Pension and Employee Benefits: Code, ERISA, & Regulations
This series provides an authoritative and comprehensive reference to the full text of benefits-related provisions of the Internal Revenue Code, the full text of ERISA, and related proposed and final regulations, as well as the official IRS and DOL preambles, and Committee Reports.

CCH® BENEFITS — 02/12/09

State Health Care Reform Update

from Spencer’s Benefits Reports: For the last few years, states have been leading the way toward more comprehensive health care coverage to ensure that more people have or can obtain health insurance. Because of the potential impact of this ongoing activity on employer-provided health insurance benefits, Spencer’s Benefits Reports provides regular updates about state health care reform.

Arkansas. Gov. Mike Beebe recently called for more options for outpatient care, increased funds for community health centers, and more resources and equipment for mental health services in schools. He also called for the establishment of a statewide trauma system, increased efforts against cancer, expansion of preventive care services at health education centers, research into treatment options for children with autism, increased dental insurance, and expanded access to flu vaccinations. Mr. Beebe believes that this can be paid for with a 56-cent increase to the state’s cigarette tax. For more information, visit http://www.governor.arkansas.gov/.

California. On January 1, California became the first state to implement a mandatory interpreter law for commercial health plan members. Patients who have primary languages other than English can request that their health care plans provide interpreters when they make appointments at doctors’ offices, clinics, or hospitals. More than 80 health plans were required to gain approval of their language assistance programs, detailing which languages are spoken by their members, how language assistance services will be provided, and what staff training is needed. According to the Ventura County Star, the California Department of Health has only received five calls from patients who wanted help getting interpreters. For more information, visit http://www.dhs.ca.gov/.

Connecticut. Although consensus has been building to move the state toward universal health care, the state faces a $6 billion budget gap over the next two years. These conflicting pressures have resulted in lawmakers beginning to work on cutting more than $100 million from the current-year budget in addition to several groups proposing health care reform plans that move the state closer to universal coverage. In 2006 and 2007, Connecticut had approximately 325,000 uninsured individuals, and some believe that the continued cost of the uninsured is actually more than it would cost the state to move toward universal coverage. One plan would begin enrolling the uninsured in 2011, with the aim to cover 98% of the state’s population by 2014. While this plan does not include a price tag, it focuses on cutting costs through digitizing medical records and boosting preventive care and health education. For more information, visit http://cthealth.server101.com/.

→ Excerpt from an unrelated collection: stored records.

(* Let $\mathcal{E}$ be a set of entities and $\mathcal{R}$ a set of relations, and let a triple be an element of $\mathcal{E}\times\mathcal{R}\times\mathcal{E}$. Fix a test set $\mathcal{T}_{test}$ of triples and an evaluation assumption WA $\in\{\text{CWA},\text{RS-POWA}\}$, which determines a set $N_{WA}$ of triples disjoint from $\mathcal{T}_{test}$ (described in the context). Let $\mathcal{T}^1_{predict}$ be a finite set of predicted triples, each carrying a real score, and let $\mathcal{T}^2_{predict}=\mathcal{T}^1_{predict}\cup\{(h,r,t)\}$, where $(h,r,t)\notin\mathcal{T}^1_{predict}$ is a triple with a score and the triples of $\mathcal{T}^1_{predict}$ keep their scores. If $(h,r,t)\in\mathcal{T}_{test}$ (i.e. $(h,r,t)$ is in the positive set $\mathcal{T}^{WA+}_{predict}=\mathcal{T}^2_{predict}\cap\mathcal{T}_{test}$), then $RS^2_{TSP}>RS^1_{TSP}$, where $RS^k_{TSP}$ denotes the ranking score of $\mathcal{T}^k_{predict}$.
   Context: Ranking score: given a finite predicted set $\mathcal{T}_{predict}$ with scores, sort it in descending order of score (with a fixed tie-breaking, consistent when a triple is added, so that the relative order of the original triples is unchanged) to obtain the list $tri_1,tri_2,\dots$ with positions $i\ge 1$. Define $\mathcal{T}^{WA+}_{predict}=\mathcal{T}_{predict}\cap\mathcal{T}_{test}$, $\mathcal{T}^{WA-}_{predict}=\mathcal{T}_{predict}\cap N_{WA}$, $\mathcal{T}^{WA}_{predict}=\mathcal{T}^{WA+}_{predict}\cup\mathcal{T}^{WA-}_{predict}$. Set $rs_{tri_i}=1/i$ if $tri_i\in\mathcal{T}^{WA+}_{predict}$ and $rs_{tri_i}=-1/i$ if $tri_i\in\mathcal{T}^{WA-}_{predict}$, and $RS_{TSP}=\sum_{tri_i\in\mathcal{T}^{WA}_{predict}} rs_{tri_i}$ (triples in neither set occupy positions but contribute nothing). Under the closed-world assumption (CWA), $N_{CWA}$ is the set of all triples not in $\mathcal{T}_{test}$. Under the relation-similarity partial-open-world assumption (RS-POWA), given a known triple set $\mathcal{T}$ (training triples) and a similarity $sim(r,r')=\max\big(|P_r\cap P_{r'}|/|P_r|,\ |P_r\cap P_{r'}|/|P_{r'}|\big)$, where $P_r$ is the set of entity pairs linked by $r$ in the training and test triples, and threshold $\theta$ (e.g. $0.8$), $N_{RS\text{-}POWA}$ is the set of triples $(h,r,t)\notin\mathcal{T}_{test}$ for which some relation $r'\neq r$ with $(h,r',t)$ a known triple satisfies $sim(r,r')<\theta$. *)

theory Defs
  imports Complex_Main
begin

type_synonym ('e, 'r) triple = "'e \<times> 'r \<times> 'e"

datatype wa = CWA | RS_POWA

definition N_CWA :: "('e,'r) triple set \<Rightarrow> ('e,'r) triple set" where
  "N_CWA T_test = - T_test"

definition pairs_of :: "('e,'r) triple set \<Rightarrow> ('e,'r) triple set \<Rightarrow> 'r \<Rightarrow> ('e \<times> 'e) set" where
  "pairs_of T_train T_test r = {(h, t). (h, r, t) \<in> T_train \<union> T_test}"

definition rel_sim :: "('e,'r) triple set \<Rightarrow> ('e,'r) triple set \<Rightarrow> 'r \<Rightarrow> 'r \<Rightarrow> real" where
  "rel_sim T_train T_test r r' =
     (let P = pairs_of T_train T_test r; P' = pairs_of T_train T_test r'
      in max (real (card (P \<inter> P')) / real (card P)) (real (card (P \<inter> P')) / real (card P')))"

text \<open>RS-POWA negatives; the known triples are the training triples.\<close>
definition N_RS_POWA :: "('e,'r) triple set \<Rightarrow> ('e,'r) triple set \<Rightarrow> real \<Rightarrow> ('e,'r) triple set" where
  "N_RS_POWA T_test T_train \<theta> =
     {(h, r, t). (h, r, t) \<notin> T_test \<and>
        (\<exists>r'. r' \<noteq> r \<and> (h, r', t) \<in> T_train \<and> rel_sim T_train T_test r r' < \<theta>)}"

definition N_WA :: "wa \<Rightarrow> ('e,'r) triple set \<Rightarrow> ('e,'r) triple set \<Rightarrow> real \<Rightarrow> ('e,'r) triple set" where
  "N_WA w T_test T_train \<theta> = (case w of CWA \<Rightarrow> N_CWA T_test | RS_POWA \<Rightarrow> N_RS_POWA T_test T_train \<theta>)"

definition ranked_before :: "('a \<Rightarrow> real) \<Rightarrow> 'a rel \<Rightarrow> 'a \<Rightarrow> 'a \<Rightarrow> bool" where
  "ranked_before score tb y x \<longleftrightarrow> score y > score x \<or> (score y = score x \<and> (y, x) \<in> tb)"

definition rank_pos :: "('a \<Rightarrow> real) \<Rightarrow> 'a rel \<Rightarrow> 'a set \<Rightarrow> 'a \<Rightarrow> nat" where
  "rank_pos score tb S x = card {y \<in> S. ranked_before score tb y x} + 1"

definition RS_TSP :: "('a \<Rightarrow> real) \<Rightarrow> 'a rel \<Rightarrow> 'a set \<Rightarrow> 'a set \<Rightarrow> 'a set \<Rightarrow> real" where
  "RS_TSP score tb Tpos Nneg S =
     (\<Sum>x \<in> S \<inter> Tpos. 1 / real (rank_pos score tb S x))
     + (\<Sum>x \<in> S \<inter> Nneg. - 1 / real (rank_pos score tb S x))"

end

theory Submission
  imports Defs
begin

text \<open>Inserting a triple x at position p gives it the term 1/p, since a positive triple is
  never a negative. Every triple ranked after x moves down by one position, from some k \<ge> p
  to k + 1, so its term changes by at most 1/k - 1/(k+1). These positions k are distinct, hence
  the total change is bounded by a telescoping sum that stays below 1/p.\<close>

lemma ranked_before_irrefl:
  assumes "strict_linear_order tb"
  shows "\<not> ranked_before score tb x x"
  using assms unfolding ranked_before_def strict_linear_order_on_def irrefl_def by auto

lemma ranked_before_trans:
  assumes "strict_linear_order tb" "ranked_before score tb x y" "ranked_before score tb y z"
  shows "ranked_before score tb x z"
proof -
  have "trans tb" using assms(1) unfolding strict_linear_order_on_def by auto
  then show ?thesis using assms(2,3) unfolding ranked_before_def
    by (auto dest: transD)
qed

lemma ranked_before_total:
  assumes "strict_linear_order tb" "x \<noteq> y"
  shows "ranked_before score tb x y \<or> ranked_before score tb y x"
  using assms unfolding ranked_before_def strict_linear_order_on_def total_on_def by auto

lemma rank_pos_pos: "rank_pos score tb S x > 0"
  unfolding rank_pos_def by simp

lemma rank_pos_insert_self:
  assumes "strict_linear_order tb"
  shows "rank_pos score tb (insert x S) x = rank_pos score tb S x"
  unfolding rank_pos_def using ranked_before_irrefl[OF assms] by (metis insert_iff mem_Collect_eq)

lemma rank_pos_insert:
  assumes "finite S" "x \<notin> S" "y \<in> S"
  shows "rank_pos score tb (insert x S) y =
           rank_pos score tb S y + (if ranked_before score tb x y then 1 else 0)"
proof -
  have "{z \<in> insert x S. ranked_before score tb z y} =
        (if ranked_before score tb x y then insert x {z \<in> S. ranked_before score tb z y}
         else {z \<in> S. ranked_before score tb z y})" by auto
  then show ?thesis unfolding rank_pos_def using assms by auto
qed

lemma rank_pos_mono:
  assumes "strict_linear_order tb" "finite S" "ranked_before score tb x y"
  shows "rank_pos score tb S x \<le> rank_pos score tb S y"
proof -
  have "{z \<in> S. ranked_before score tb z x} \<subseteq> {z \<in> S. ranked_before score tb z y}"
    using ranked_before_trans[OF assms(1) _ assms(3)] by auto
  then show ?thesis unfolding rank_pos_def using assms(2) by (simp add: card_mono)
qed

lemma rank_pos_strict_mono:
  assumes "strict_linear_order tb" "finite S" "x \<in> S" "ranked_before score tb x y"
  shows "rank_pos score tb S x < rank_pos score tb S y"
proof -
  have "{z \<in> S. ranked_before score tb z x} \<subset> {z \<in> S. ranked_before score tb z y}"
    using ranked_before_trans[OF assms(1) _ assms(4)] ranked_before_irrefl[OF assms(1)] assms(3,4)
    by auto
  then show ?thesis unfolding rank_pos_def using assms(2) by (simp add: psubset_card_mono)
qed

lemma inj_on_rank_pos:
  assumes "strict_linear_order tb" "finite S"
  shows "inj_on (rank_pos score tb S) S"
proof (rule inj_onI, rule ccontr)
  fix x y
  assume "x \<in> S" "y \<in> S" "rank_pos score tb S x = rank_pos score tb S y" "x \<noteq> y"
  then show False
    using ranked_before_total[OF assms(1)] rank_pos_strict_mono[OF assms] by (metis less_irrefl)
qed

lemma sum_inverse_gaps_less:
  fixes K :: "nat set"
  assumes "finite K" "K \<subseteq> {p..}" "p > 0"
  shows "(\<Sum>k\<in>K. 1 / real k - 1 / real (Suc k)) < 1 / real p"
proof -
  define m where "m = Suc (Max (insert p K))"
  have "p \<le> Max (insert p K)" "\<forall>k\<in>K. k \<le> Max (insert p K)"
    using assms(1) by simp_all
  then have K_sub: "K \<subseteq> {p..<m}" and "p \<le> m"
    using assms(2) unfolding m_def by (auto simp: le_imp_less_Suc)
  have telescoping: "(\<Sum>k\<in>{p..<n}. 1 / real k - 1 / real (Suc k)) = 1 / real p - 1 / real n"
    if "p \<le> n" for n
    using that by (induction n rule: dec_induct) simp_all
  have "(\<Sum>k\<in>K. 1 / real k - 1 / real (Suc k))
          \<le> (\<Sum>k\<in>{p..<m}. 1 / real k - 1 / real (Suc k))"
    using assms(3) by (intro sum_mono2[OF _ K_sub]) (auto simp: frac_le)
  also have "\<dots> = 1 / real p - 1 / real m"
    using telescoping[OF \<open>p \<le> m\<close>] .
  also have "\<dots> < 1 / real p"
    using assms(3) \<open>p \<le> m\<close> by simp
  finally show ?thesis .
qed

definition polarity :: "'a set \<Rightarrow> 'a set \<Rightarrow> 'a \<Rightarrow> real" where
  "polarity Tpos Nneg x = (if x \<in> Tpos then 1 else 0) - (if x \<in> Nneg then 1 else 0)"

lemma abs_polarity_le: "\<bar>polarity Tpos Nneg x\<bar> \<le> 1"
  unfolding polarity_def by auto

lemma RS_TSP_eq_sum_polarity:
  assumes "finite S"
  shows "RS_TSP score tb Tpos Nneg S =
           (\<Sum>x\<in>S. polarity Tpos Nneg x / real (rank_pos score tb S x))"
  using assms unfolding RS_TSP_def polarity_def
  by (auto simp: sum.inter_restrict sum.distrib[symmetric] intro!: sum.cong)

lemma shifted_term_lower_bound:
  assumes "\<bar>c\<bar> \<le> 1" "k > 0"
  shows "c / real (Suc k) \<ge> c / real k - (1 / real k - 1 / real (Suc k))"
proof -
  have gap: "1 / real k - 1 / real (Suc k) \<ge> 0"
    using assms(2) by (simp add: frac_le)
  have "c / real k - c / real (Suc k) = c * (1 / real k - 1 / real (Suc k))"
    by (simp add: algebra_simps)
  also have "\<dots> \<le> 1 / real k - 1 / real (Suc k)"
    using assms(1) gap by (metis abs_le_D1 mult_left_le_one_le mult_right_mono mult_1)
  finally show ?thesis by simp
qed

lemma sum_rank_gaps_after_less:
  assumes slo: "strict_linear_order tb" and fin: "finite S"
  shows "(\<Sum>y | y \<in> S \<and> ranked_before score tb x y.
            1 / real (rank_pos score tb S y) - 1 / real (Suc (rank_pos score tb S y)))
         < 1 / real (rank_pos score tb S x)"
proof -
  let ?A = "{y \<in> S. ranked_before score tb x y}"
  have "inj_on (rank_pos score tb S) ?A"
    using inj_on_rank_pos[OF slo fin] by (rule inj_on_subset) auto
  then have "(\<Sum>y\<in>?A.
               1 / real (rank_pos score tb S y) - 1 / real (Suc (rank_pos score tb S y)))
             = (\<Sum>k\<in>rank_pos score tb S ` ?A. 1 / real k - 1 / real (Suc k))"
    by (simp add: sum.reindex)
  also have "\<dots> < 1 / real (rank_pos score tb S x)"
    using rank_pos_mono[OF slo fin] rank_pos_pos fin by (intro sum_inverse_gaps_less) auto
  finally show ?thesis .
qed

lemma RS_TSP_insert_positive:
  assumes slo: "strict_linear_order tb" and fin: "finite S" and "x \<notin> S"
    and "x \<in> Tpos" "x \<notin> Nneg"
  shows "RS_TSP score tb Tpos Nneg S < RS_TSP score tb Tpos Nneg (insert x S)"
proof -
  define q where "q = rank_pos score tb S"
  define q' where "q' = rank_pos score tb (insert x S)"
  define c where "c = polarity Tpos Nneg"
  define loss where
    "loss y = (if ranked_before score tb x y then 1 / real (q y) - 1 / real (Suc (q y)) else 0)"
    for y
  have shifted: "c y / real (q y) - loss y \<le> c y / real (q' y)" if "y \<in> S" for y
  proof (cases "ranked_before score tb x y")
    case True
    then have "q' y = Suc (q y)"
      using rank_pos_insert[OF fin \<open>x \<notin> S\<close> that] unfolding q_def q'_def by simp
    then show ?thesis
      using True shifted_term_lower_bound[OF abs_polarity_le rank_pos_pos]
      unfolding q_def c_def loss_def by simp
  next
    case False
    then show ?thesis
      using rank_pos_insert[OF fin \<open>x \<notin> S\<close> that]
      unfolding q_def q'_def loss_def by simp
  qed
  have total_loss: "(\<Sum>y\<in>S. loss y) < 1 / real (q x)"
    using sum_rank_gaps_after_less[OF slo fin, where x = x] fin
    unfolding loss_def q_def by (simp add: sum.inter_filter[symmetric])
  have "RS_TSP score tb Tpos Nneg S = (\<Sum>y\<in>S. c y / real (q y))"
    using RS_TSP_eq_sum_polarity[OF fin] unfolding q_def c_def .
  also have "\<dots> < 1 / real (q x) + (\<Sum>y\<in>S. c y / real (q' y))"
    using sum_mono[of S "\<lambda>y. c y / real (q y) - loss y" "\<lambda>y. c y / real (q' y)"]
      shifted total_loss
    by (simp add: sum_subtractf)
  also have "\<dots> = RS_TSP score tb Tpos Nneg (insert x S)"
    using RS_TSP_eq_sum_polarity[of "insert x S"] rank_pos_insert_self[OF slo]
      fin \<open>x \<notin> S\<close> \<open>x \<in> Tpos\<close> \<open>x \<notin> Nneg\<close>
    unfolding q_def q'_def c_def polarity_def by simp
  finally show ?thesis .
qed

lemma N_WA_disjoint_test: "N_WA w T_test T_train \<theta> \<inter> T_test = {}"
  unfolding N_WA_def N_CWA_def N_RS_POWA_def by (cases w) auto

theorem theorem1:
  fixes T_test T_train T1 :: "('e, 'r) triple set"
    and \<theta> :: real and w :: wa
    and score :: "('e, 'r) triple \<Rightarrow> real"
    and tb :: "('e, 'r) triple rel"
    and h t :: 'e and r :: 'r
  assumes "strict_linear_order tb"
    and "finite T1"
    and "(h, r, t) \<notin> T1"
    and "(h, r, t) \<in> T_test"
  shows "RS_TSP score tb T_test (N_WA w T_test T_train \<theta>) (insert (h, r, t) T1)
           > RS_TSP score tb T_test (N_WA w T_test T_train \<theta>) T1"
proof (rule RS_TSP_insert_positive[OF assms])
  show "(h, r, t) \<notin> N_WA w T_test T_train \<theta>"
    using N_WA_disjoint_test assms(4) by blast
qed

end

Iowa. Several state legislators are supporting a measure that would allow small businesses, local governments, and nonprofit organizations to buy into the state employee health care coverage program. While many business owners previously had resisted efforts to expand health care coverage, they are reconsidering their positions as the price of health insurance continues to increase, according to state Sen. Jack Hatch. For more information, visit http://www.jackhatch.org/.

Maryland. According to the Maryland Health Care Commission, 15.4% of Maryland’s nonelderly residents, approximately 760,000 people ages 65 and younger, were uninsured between 2006 and 2007. The rate was higher than the 14.9% rate for the 2004-05 period, but lower than the national uninsurance rate of 17.5%. For more information, visit http://mhcc.maryland.gov/.

New York. The New York State Insurance Department recently issued a letter indicating that all insurers licensed to do business in New York must rewrite or amend their policies to recognize same-sex marriages legally performed in other jurisdictions. The letter stated that a same-sex spouse legally married outside of New York state is entitled to the same health insurance coverage as any opposite-sex spouse of an employee. According to the insurance department, an insurer’s refusal to extend health or other insurance coverage on an equal basis to same-sex and opposite-sex spouses may constitute an unfair act or practice under New York state insurance law. However, under the federal Defense of Marriage Act, a same-sex spouse will not be treated as a spouse for Internal Revenue Code purposes. Therefore, a same-sex spouse is not entitled to the favorable tax treatment generally applicable to spouses, and the value of benefits provided to same-sex spouses is includible in the employee’s gross income. For more information, visit http://www.ins.state.ny.us/.

Utah. According to a recent poll from the Salt Lake Tribune, 55% of Utah residents would support an individual mandate requiring everyone in the state to have health care coverage, if the premiums were affordable. If Utah were to implement a mandate, nearly half of its 287,200 uninsured would be required to enroll in programs that they already are eligible for, such as Medicaid, the State Children’s Health Insurance Program, and the Utah Comprehensive Health Insurance Pool. For more information, visit http://www.sltrib.com/.

Wisconsin. Governor Jim Doyle has proposed taxing hospital revenue, which would attract nearly $1 billion in federal funds in its first three years, including nearly $300 million for hospitals in the Milwaukee area alone. Under the proposal, the state would impose a tax on the revenue of most of the state’s hospitals, which would generate about $275 million in the first year. The state would use about $196 million of that to increase its funding for BadgerCare Plus and other Medicaid programs, while the remainder would be used to reduce the state’s budget deficit. The additional funding for state health programs would draw about $281 million in matching federal dollars. The state would increase what its health programs pay hospitals, which would recoup the $275 million they paid in taxes, plus an additional $202 million through higher payments. The proposal, while bringing in an estimated $925 million in federal money to the state, would come at the expense of federal taxpayers and add to the federal budget deficit. However, this holds more political appeal in the state than raising state taxes to increase funding for Medicaid programs. Twenty-three states have similar taxes. For more information, visit http://www.jsonline.com/news/statepolitics/38310214.html.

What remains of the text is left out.